Cleaning Service sebenarnya membantu mengelap meja, tetapi mereka tidak berani memindahkan kertas dan barang karena Mamet selalu marah jika benda-bendanya bergeser. Aneh tetapi ajaib, meskipun berantakan, dia hafal lokasi barang-barangnya. Kecuali tentu saja beberapa dokumen yang menurutnya hilang.

"Sehat, dong. Astaga! Ini dia dokumen yang aku cari!" Berseru kegirangan anak itu saat melihat dokumen kontrak magangnya.

"Kamu sempat kehilangan dokumen itu?" tanyaku heran.

"Ternyata ada di bawah tumpukan ini." Cengiran lebar terlihat di wajah anak itu. Tetapi itu tidak lama ketika ada sesuatu yang merangkak keluar dari bawah timbunan kertasnya.

"Kecoakkk! Mamaaa!" Jeritan Mamet membahana sampai aku terlonjak.

Aku tidak mampu bergerak. Kecoak adalah hewan yang paling kutakuti. Dulu sekali saat aku masih kecil, Kak Ola mengajakku bermain petak umpet. Aku selalu kalah dari Kak Ola karena tidak pandai mencari tempat persembunyian. Hari itu aku berhasil mendapat tempat persembunyian hebat. Di bawah semak-semak samping gudang tetangga.

Saat itu aku tertawa tanpa suara penuh kemenangan. Kak Ola tidak akan bisa mencariku sampai sini. Tawaku langsung terhenti saat ada beberapa hewan cokelat yang melintas di dinding gudang, dekat sekali dari tempatku bersembunyi.

Tiba-tiba saja hewan itu mengepakkan sayapnya dan terbang tepat ke wajahku. Aku takut sekali hewan itu masuk ke dalam tenggorok jadi aku berlari sambil memejamkan mata, menabrak apa saja yang ada di hadapanku. Puncaknya adalah aku menabrak pohon lalu pingsan sementara kecoak itu terbang entah ke mana. Sejak itu aku selalu ketakutan jika melihat kecoak.

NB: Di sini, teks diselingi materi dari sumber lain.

lemma nleq_idem_iff: "g \<in> E \<Longrightarrow> nleq mult g f \<longleftrightarrow> g = f \<cdot> g"
  unfolding nleq_def by (simp add: star_idem idemD)

lemma nleq_idem_antisym:
  assumes "g \<in> E" "f \<in> E" "nleq mult g f" "nleq mult f g" shows "g = f"
  using assms nleq_idem_iff idem_commute by metis

lemma nleq_conj:
  assumes g: "g \<in> E" and f: "f \<in> E" and gf: "nleq mult g f"
  shows "nleq mult (s\<^sup>\<star> \<cdot> (g \<cdot> s)) (s\<^sup>\<star> \<cdot> (f \<cdot> s))"
proof -
  have "s\<^sup>\<star> \<cdot> (f \<cdot> s) \<cdot> (s\<^sup>\<star> \<cdot> (g \<cdot> s)) = s\<^sup>\<star> \<cdot> (s \<cdot> s\<^sup>\<star> \<cdot> (f \<cdot> (g \<cdot> s)))"
    using idem_commute_left[OF f mult_star_idem[of s]] by simp
  also have "\<dots> = s\<^sup>\<star> \<cdot> (g \<cdot> s)"
    using mult_assoc_eq[OF gf[unfolded nleq_idem_iff[OF g], symmetric]] by simp
  finally show ?thesis
    using nleq_idem_iff[OF conj_idem[OF g]] by simp
qed

lemma Jset_iff: "g \<in> Jset mult s \<longleftrightarrow> g \<in> E \<and> s \<cdot> g = g"
  unfolding Jset_def by simp

lemma star_mult_fixed:
  assumes e: "e \<in> E" and ae: "a \<cdot> e = e" shows "a\<^sup>\<star> \<cdot> (a \<cdot> e) = e"
proof -
  have "e = (a \<cdot> e)\<^sup>\<star>"
    using ae star_idem[OF e] by simp
  then have e_star: "e = e \<cdot> a\<^sup>\<star>"
    using star_idem[OF e] by (simp add: star_mult)
  have "e = e \<cdot> a\<^sup>\<star> \<cdot> (a \<cdot> e)"
    using idemD[OF e] ae e_star by simp
  also have "\<dots> = a\<^sup>\<star> \<cdot> a \<cdot> (e \<cdot> e)"
    using idem_commute_left[OF e star_mult_idem[of a]] by simp
  finally show ?thesis
    using idemD[OF e] by simp
qed

text \<open>For \<open>g \<in> J\<^sub>s\<^sub>t\<close>, the conjugate \<open>s\<^sup>\<star> g s\<close> equals the idempotent \<open>t g s\<close>,
  which is fixed by \<open>t s\<close> because \<open>s t g = g\<close>.\<close>
lemma conj_Jset:
  assumes g: "g \<in> Jset mult (s \<cdot> t)" shows "s\<^sup>\<star> \<cdot> (g \<cdot> s) \<in> Jset mult (t \<cdot> s)"
proof -
  have gE: "g \<in> E" and stg: "s \<cdot> (t \<cdot> g) = g"
    using g by (simp_all add: Jset_iff)
  define w where "w = t \<cdot> (g \<cdot> s)"
  have "w \<cdot> w = t \<cdot> (g \<cdot> (s \<cdot> (t \<cdot> g)) \<cdot> s)"
    unfolding w_def by simp
  then have wE: "w \<in> E"
    using idemI stg idem_mult_idem[OF gE] unfolding w_def by simp
  have "s\<^sup>\<star> \<cdot> (g \<cdot> s) = s\<^sup>\<star> \<cdot> s \<cdot> w"
    unfolding w_def by (subst (1) stg[symmetric]) simp
  also have "\<dots> = w \<cdot> (s\<^sup>\<star> \<cdot> s)"
    using idem_commute[OF star_mult_idem wE] .
  also have "\<dots> = w"
    unfolding w_def by simp
  finally have conj_eq: "s\<^sup>\<star> \<cdot> (g \<cdot> s) = w" .
  have "t \<cdot> s \<cdot> w = w"
    unfolding w_def using mult_assoc_eq[OF stg] by simp
  then show ?thesis
    using conj_eq wE by (simp add: Jset_iff)
qed

lemma star_conj_Jset:
  assumes e: "e \<in> Jset mult (t \<cdot> s)"
  shows "s \<cdot> (e \<cdot> s\<^sup>\<star>) \<in> Jset mult (s \<cdot> t)" and "s\<^sup>\<star> \<cdot> (s \<cdot> (e \<cdot> s\<^sup>\<star>) \<cdot> s) = e"
proof -
  have eE: "e \<in> E" and tse: "t \<cdot> (s \<cdot> e) = e"
    using e by (simp_all add: Jset_iff)
  have ts_domain: "s\<^sup>\<star> \<cdot> (t\<^sup>\<star> \<cdot> (t \<cdot> (s \<cdot> e))) = e"
    using star_mult_fixed[OF eE, of "t \<cdot> s"] tse by (simp add: star_mult)
  have "s\<^sup>\<star> \<cdot> (s \<cdot> e) = s\<^sup>\<star> \<cdot> (s \<cdot> (s\<^sup>\<star> \<cdot> (t\<^sup>\<star> \<cdot> (t \<cdot> (s \<cdot> e)))))"
    by (simp only: ts_domain)
  also have "\<dots> = e"
    by (subst star_mult_star(2)) (rule ts_domain)
  finally have Qe: "s\<^sup>\<star> \<cdot> (s \<cdot> e) = e" .
  have eQ: "e \<cdot> (s\<^sup>\<star> \<cdot> s) = e"
    using Qe idem_commute[OF eE star_mult_idem] by simp
  have "s \<cdot> (e \<cdot> s\<^sup>\<star>) = (s\<^sup>\<star>)\<^sup>\<star> \<cdot> (e \<cdot> s\<^sup>\<star>)"
    by simp
  then have yE: "s \<cdot> (e \<cdot> s\<^sup>\<star>) \<in> E"
    using conj_idem[OF eE, of "s\<^sup>\<star>"] by simp
  have "s \<cdot> t \<cdot> (s \<cdot> (e \<cdot> s\<^sup>\<star>)) = s \<cdot> (e \<cdot> s\<^sup>\<star>)"
    using mult_assoc_eq[OF tse] by simp
  with yE show "s \<cdot> (e \<cdot> s\<^sup>\<star>) \<in> Jset mult (s \<cdot> t)"
    by (simp add: Jset_iff)
  show "s\<^sup>\<star> \<cdot> (s \<cdot> (e \<cdot> s\<^sup>\<star>) \<cdot> s) = e"
    using mult_assoc_eq[OF Qe] Qe eQ by simp
qed

definition greatest_Jset :: "'a \<Rightarrow> 'a \<Rightarrow> bool" where
  "greatest_Jset s e \<longleftrightarrow> e \<in> Jset mult s \<and> (\<forall>g \<in> Jset mult s. nleq mult g e)"

theorem conj_greatest_Jset:
  assumes f: "greatest_Jset (s \<cdot> t) f" and e: "greatest_Jset (t \<cdot> s) e"
  shows "s\<^sup>\<star> \<cdot> (f \<cdot> s) = e"
proof (rule nleq_idem_antisym)
  have fJ: "f \<in> Jset mult (s \<cdot> t)" and eJ: "e \<in> Jset mult (t \<cdot> s)"
    using f e unfolding greatest_Jset_def by simp_all
  then have fE: "f \<in> E" and eE: "e \<in> E"
    by (simp_all add: Jset_iff)
  show "s\<^sup>\<star> \<cdot> (f \<cdot> s) \<in> E" and "e \<in> E"
    using conj_idem[OF fE] eE .
  show "nleq mult (s\<^sup>\<star> \<cdot> (f \<cdot> s)) e"
    using e conj_Jset[OF fJ] unfolding greatest_Jset_def by blast
  have "nleq mult (s \<cdot> (e \<cdot> s\<^sup>\<star>)) f"
    using f star_conj_Jset(1)[OF eJ] unfolding greatest_Jset_def by blast
  then show "nleq mult e (s\<^sup>\<star> \<cdot> (f \<cdot> s))"
    using nleq_conj[OF _ fE, of "s \<cdot> (e \<cdot> s\<^sup>\<star>)" s] star_conj_Jset[OF eJ]
    by (simp add: Jset_iff)
qed

end

locale boolean_inv_monoid =
  fixes mult :: "'a \<Rightarrow> 'a \<Rightarrow> 'a" (infixl "\<cdot>" 70) and z one :: 'a
  assumes boolean_inverse_monoid: "boolean_inverse_monoid mult z one"

sublocale boolean_inv_monoid \<subseteq> inv_semigroup
  using boolean_inverse_monoid unfolding boolean_inverse_monoid_def by unfold_locales blast

context boolean_inv_monoid
begin

lemma one_mult [simp]: "one \<cdot> s = s" and mult_one [simp]: "s \<cdot> one = s"
  using boolean_inverse_monoid unfolding boolean_inverse_monoid_def by blast+

lemma one_idem: "one \<in> E"
  by (rule idemI) simp

lemma join_exists: "finite A \<Longrightarrow> compatible_set mult A \<Longrightarrow> \<exists>j. is_join mult A j"
  using boolean_inverse_monoid unfolding boolean_inverse_monoid_def by blast

lemma join_mult_left:
  "finite A \<Longrightarrow> compatible_set mult A \<Longrightarrow> is_join mult A j \<Longrightarrow> is_join mult ((\<cdot>) s ` A) (s \<cdot> j)"
  using boolean_inverse_monoid unfolding boolean_inverse_monoid_def by blast

lemma compatible_set_idem: "A \<subseteq> E \<Longrightarrow> compatible_set mult A"
  unfolding compatible_set_def using star_idem idem_mult by (simp add: subset_iff)

lemma idem_if_nleq_one: "nleq mult j one \<Longrightarrow> j \<in> E"
  unfolding nleq_def using star_mult_idem[of j] by simp

definition idem_join :: "'a \<Rightarrow> 'a \<Rightarrow> 'a" where
  "idem_join e f = (THE j. is_join_in mult E {e, f} j)"

definition idem_meet :: "'a \<Rightarrow> 'a \<Rightarrow> 'a" where
  "idem_meet e f = (THE m. m \<in> E \<and> nleq mult m e \<and> nleq mult m f \<and>
     (\<forall>u\<in>E. nleq mult u e \<and> nleq mult u f \<longrightarrow> nleq mult u m))"

lemma idem_meet_join_distrib:
  "e \<in> E \<Longrightarrow> f \<in> E \<Longrightarrow> g \<in> E \<Longrightarrow>
    idem_meet e (idem_join f g) = idem_join (idem_meet e f) (idem_meet e g)"
  and idem_complement_exists: "e \<in> E \<Longrightarrow> \<exists>f\<in>E. idem_meet e f = z \<and> idem_join e f = one"
  using boolean_inverse_monoid
  unfolding boolean_inverse_monoid_def idem_boolean_algebra_def Let_def idem_meet_def idem_join_def
  by blast+

lemma idem_meet_eq_mult: assumes e: "e \<in> E" and f: "f \<in> E" shows "idem_meet e f = e \<cdot> f"
  unfolding idem_meet_def
proof (rule the_equality)
  have ef: "e \<cdot> f \<in> E"
    using idem_mult[OF e f] .
  have le_e: "nleq mult (e \<cdot> f) e"
    using nleq_idem_iff[OF ef] idem_mult_idem[OF e] by simp
  have le_f: "nleq mult (e \<cdot> f) f"
    using nleq_idem_iff[OF ef] idem_commute[OF e f] idem_mult_idem[OF f] by metis
  have greatest: "nleq mult u (e \<cdot> f)" if "u \<in> E" "nleq mult u e" "nleq mult u f" for u
  proof -
    have "u = e \<cdot> u" "u = f \<cdot> u"
      using that nleq_idem_iff by blast+
    then have "u = e \<cdot> f \<cdot> u"
      by (simp only: assoc)
    then show ?thesis
      using nleq_idem_iff[OF \<open>u \<in> E\<close>] by blast
  qed
  show "e \<cdot> f \<in> E \<and> nleq mult (e \<cdot> f) e \<and> nleq mult (e \<cdot> f) f \<and>
      (\<forall>u\<in>E. nleq mult u e \<and> nleq mult u f \<longrightarrow> nleq mult u (e \<cdot> f))"
    using ef le_e le_f greatest by blast
  fix m assume "m \<in> E \<and> nleq mult m e \<and> nleq mult m f \<and>
      (\<forall>u\<in>E. nleq mult u e \<and> nleq mult u f \<longrightarrow> nleq mult u m)"
  with ef le_e le_f greatest show "m = e \<cdot> f"
    by (meson nleq_idem_antisym)
qed

lemma idem_join_zero: assumes e: "e \<in> E" shows "idem_join e z = e"
  unfolding idem_join_def
proof (rule the_equality)
  show "is_join_in mult E {e, z} e"
    unfolding is_join_in_def using e nleq_idem_iff[OF e] nleq_idem_iff[OF zero_idem] idemD[OF e]
    by simp
  show "j = e" if "is_join_in mult E {e, z} j" for j
    using that \<open>is_join_in mult E {e, z} e\<close> unfolding is_join_in_def by (meson nleq_idem_antisym)
qed

text \<open>The complement \<open>f\<close> of \<open>j\<close> detects the order: \<open>e \<le> j\<close> iff \<open>e f = 0\<close>,
  because \<open>e = e (j \<or> f) = e j \<or> e f\<close>.\<close>
lemma idem_complement:
  assumes j: "j \<in> E" shows "\<exists>f\<in>E. j \<cdot> f = z \<and> (\<forall>e\<in>E. e \<cdot> f = z \<longrightarrow> e = j \<cdot> e)"
proof -
  obtain f where f: "f \<in> E" and meet: "idem_meet j f = z" and join: "idem_join j f = one"
    using idem_complement_exists[OF j] by blast
  have "e = j \<cdot> e" if e: "e \<in> E" and ef: "e \<cdot> f = z" for e
  proof -
    have "e = idem_meet e (idem_join j f)"
      using join idem_meet_eq_mult[OF e one_idem] by simp
    also have "\<dots> = e \<cdot> j"
      using idem_meet_join_distrib[OF e j f] idem_meet_eq_mult e j f ef
        idem_join_zero[OF idem_mult[OF e j]] by simp
    finally show ?thesis
      using idem_commute[OF e j] by simp
  qed
  with f meet idem_meet_eq_mult[OF j f] show ?thesis
    by auto
qed

lemma join_idem: assumes A: "A \<subseteq> E" and jn: "is_join mult A j" shows "j \<in> E"
proof -
  have "\<forall>a\<in>A. nleq mult a one"
    using A nleq_idem_iff by auto
  then have "nleq mult j one"
    using jn unfolding is_join_in_def by blast
  then show ?thesis
    by (rule idem_if_nleq_one)
qed

lemma join_Jset_fixed:
  assumes fin: "finite C" and C: "C \<subseteq> Jset mult s" and jn: "is_join mult C j"
  shows "s \<cdot> j = j"
proof -
  have CE: "C \<subseteq> E" and "(\<cdot>) s ` C = C"
    using C unfolding Jset_def by force+
  then have "is_join mult C (s \<cdot> j)"
    using join_mult_left[OF fin compatible_set_idem[OF CE] jn, of s] by simp
  then have "nleq mult j (s \<cdot> j)"
    using jn unfolding is_join_in_def by blast
  then have "j = s \<cdot> j \<cdot> j"
    using nleq_idem_iff[OF join_idem[OF CE jn]] by blast
  then show "s \<cdot> j = j"
    unfolding assoc idemD[OF join_idem[OF CE jn]] by (rule sym)
qed
(* Let $L>0$, let $f:\mathbb{R}^d\to\mathbb{R}$ be convex and differentiable with $L$-Lipschitz gradient, with global minimum value $f_*$. Let $x_0\in\mathbb{R}^d$, $h_0,\dots,h_{N-1}\in(0,\tfrac32]$, and $x_{i+1}=x_i-\frac{h_i}{L}\nabla f(x_i)$. Then $$\|\nabla f(x_N)\|^2\le\frac{L[f(x_0)-f(x_N)]}{\sum_{i=0}^{N-1}h_i}\quad\text{and}\quad\|\nabla f(x_N)\|^2\le\frac{L[f(x_0)-f_*]}{\tfrac12+\sum_{i=0}^{N-1}h_i}.$$ Moreover both bounds are tight: for any such $L,N,h_i$ and any $\Delta>0$ there exist a convex $f$ with $L$-Lipschitz gradient (on $\mathbb{R}$) and $x_0$ with $f(x_0)-f(x_N)=\Delta$ attaining equality in the first bound, and likewise a convex $f$ with $L$-Lipschitz gradient and $x_0$ with $f(x_0)-f_*=\Delta$ attaining equality in the second bound. *)

theory Defs
  imports "HOL-Analysis.Analysis"
begin

end

theory Submission
  imports Defs
begin

(* Applying the interpolation inequality of L-smooth convex functions,
     f x >= f y + <g y, x - y> + |g x - g y|^2 / (2L),
   at two consecutive iterates in both orders and combining the two instances (this is where
   h_i <= 3/2 is needed) gives h_i |g x_(i+1)|^2 <= L (f x_i - f x_(i+1)) and
   |g x_(i+1)| <= |g x_i|; summing proves the first bound, and the descent estimate
   f_* <= f x_N - |g x_N|^2 / (2L) adds the 1/2 in the second. Equality holds for a linear
   function, and for a function that is quadratic left of x_N and linear to its right, since
   all iterates then see the same gradient. *)

lemma has_real_derivative_along_line:
  fixes f :: "'a::real_inner \<Rightarrow> real"
  assumes "GDERIV f (x + t *\<^sub>R d) :> D"
  shows "((\<lambda>t. f (x + t *\<^sub>R d)) has_real_derivative D \<bullet> d) (at t within S)"
proof -
  have "((\<lambda>t. x + t *\<^sub>R d) has_derivative (\<lambda>s. s *\<^sub>R d)) (at t within S)"
    by (auto intro!: derivative_eq_intros)
  from has_derivative_compose[OF this assms[unfolded gderiv_def]]
  show ?thesis
    unfolding has_field_derivative_def
    by (rule has_derivative_eq_rhs) (auto simp: inner_commute mult.commute)
qed
lemma weight_pos_nonnull: "\<not> (AE w in Q. \<not> 0 < w)"
proof
  assume "AE w in Q. \<not> 0 < w"
  with weight_pos have "AE w in Q. False" by eventually_elim auto
  with not_AE_False_Q show False ..
qed

lemma weight_ge_1_nonnull: "\<not> (AE w in Q. \<not> 1 \<le> w)"
proof
  assume lt: "AE w in Q. \<not> 1 \<le> w"
  have "0 < (\<integral>w. 1 - w \<partial>Q)"
    using lt not_AE_False_Q
    by (intro integral_pos_if_pos_on_nonnull[where P = "\<lambda>_. True"]
        Bochner_Integration.integrable_diff integrable_const_Q integrable_weight) auto
  then show False
    using Bochner_Integration.integral_diff[OF integrable_const_Q integrable_weight]
      integral_1_Q weight_mean by simp
qed

lemma weight_le_1_nonnull: "\<not> (AE w in Q. \<not> w \<le> 1)"
proof
  assume gt: "AE w in Q. \<not> w \<le> 1"
  have "0 < (\<integral>w. w - 1 \<partial>Q)"
    using gt not_AE_False_Q
    by (intro integral_pos_if_pos_on_nonnull[where P = "\<lambda>_. True"]
        Bochner_Integration.integrable_diff integrable_const_Q integrable_weight) auto
  then show False
    using Bochner_Integration.integral_diff[OF integrable_weight integrable_const_Q]
      integral_1_Q weight_mean by simp
qed

definition inner_acc :: "real \<Rightarrow> real" where
  "inner_acc c = (\<integral>u. min 1 (c * u) \<partial>Q)"

lemma integrable_min_1: "integrable Q (\<lambda>u. min 1 (c * u))"
proof (rule Bochner_Integration.integrable_bound)
  show "integrable Q (\<lambda>u. 1 + \<bar>c\<bar> * \<bar>u\<bar>)"
  proof -
    have "integrable Q (\<lambda>u. \<bar>c\<bar> * \<bar>u\<bar>)"
      using integrable_weight by (intro Bochner_Integration.integrable_mult_right) simp
    then show ?thesis by (rule Bochner_Integration.integrable_add[OF integrable_const_Q])
  qed
  show "(\<lambda>u. min 1 (c * u)) \<in> borel_measurable Q" by (intro borel_measurable_Q) measurable
  show "AE x in Q. norm (min 1 (c * x)) \<le> norm (1 + \<bar>c\<bar> * \<bar>x\<bar>)"
  proof (intro AE_I2)
    fix x :: real
    have "\<bar>c * x\<bar> = \<bar>c\<bar> * \<bar>x\<bar>" by (rule abs_mult)
    moreover have "0 \<le> \<bar>c\<bar> * \<bar>x\<bar>" by simp
    ultimately show "norm (min 1 (c * x)) \<le> norm (1 + \<bar>c\<bar> * \<bar>x\<bar>)"
      by (cases "1 \<le> c * x") (simp_all add: min_def)
  qed
qed

lemma noisy_acc_eq: "noisy_acc Q r = (\<integral>w. inner_acc (r / w) \<partial>Q)"
  unfolding noisy_acc_def inner_acc_def by simp

lemma inner_acc_mono: "mono inner_acc"
proof (rule monoI)
  fix c c' :: real assume cc: "c \<le> c'"
  show "inner_acc c \<le> inner_acc c'" unfolding inner_acc_def
  proof (rule integral_mono_AE[OF integrable_min_1 integrable_min_1])
    show "AE x in Q. min 1 (c * x) \<le> min 1 (c' * x)"
      using weight_pos
    proof eventually_elim
      case (elim x)
      have "c * x \<le> c' * x" using cc elim by (intro mult_right_mono) auto
      then show ?case by (rule min.mono[OF order_refl])
    qed
  qed
qed

lemma borel_measurable_inner_acc: "inner_acc \<in> borel_measurable borel"
  by (rule borel_measurable_mono[OF inner_acc_mono])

Ketika Mamet berlari tunggang langgang menjauh dari kecoak, aku hanya bisa terdiam terpaku. Tidak tahu harus berbuat apa. Aku ketakutan sekali sampai rasanya ingin menangis. Waktu berjalan begitu lambat. Hewan di meja Mamet merangkak keluar, mengepakkan sayap dan terbang lurus ke arahku yang langsung memejamkan mata dan menutup mulut.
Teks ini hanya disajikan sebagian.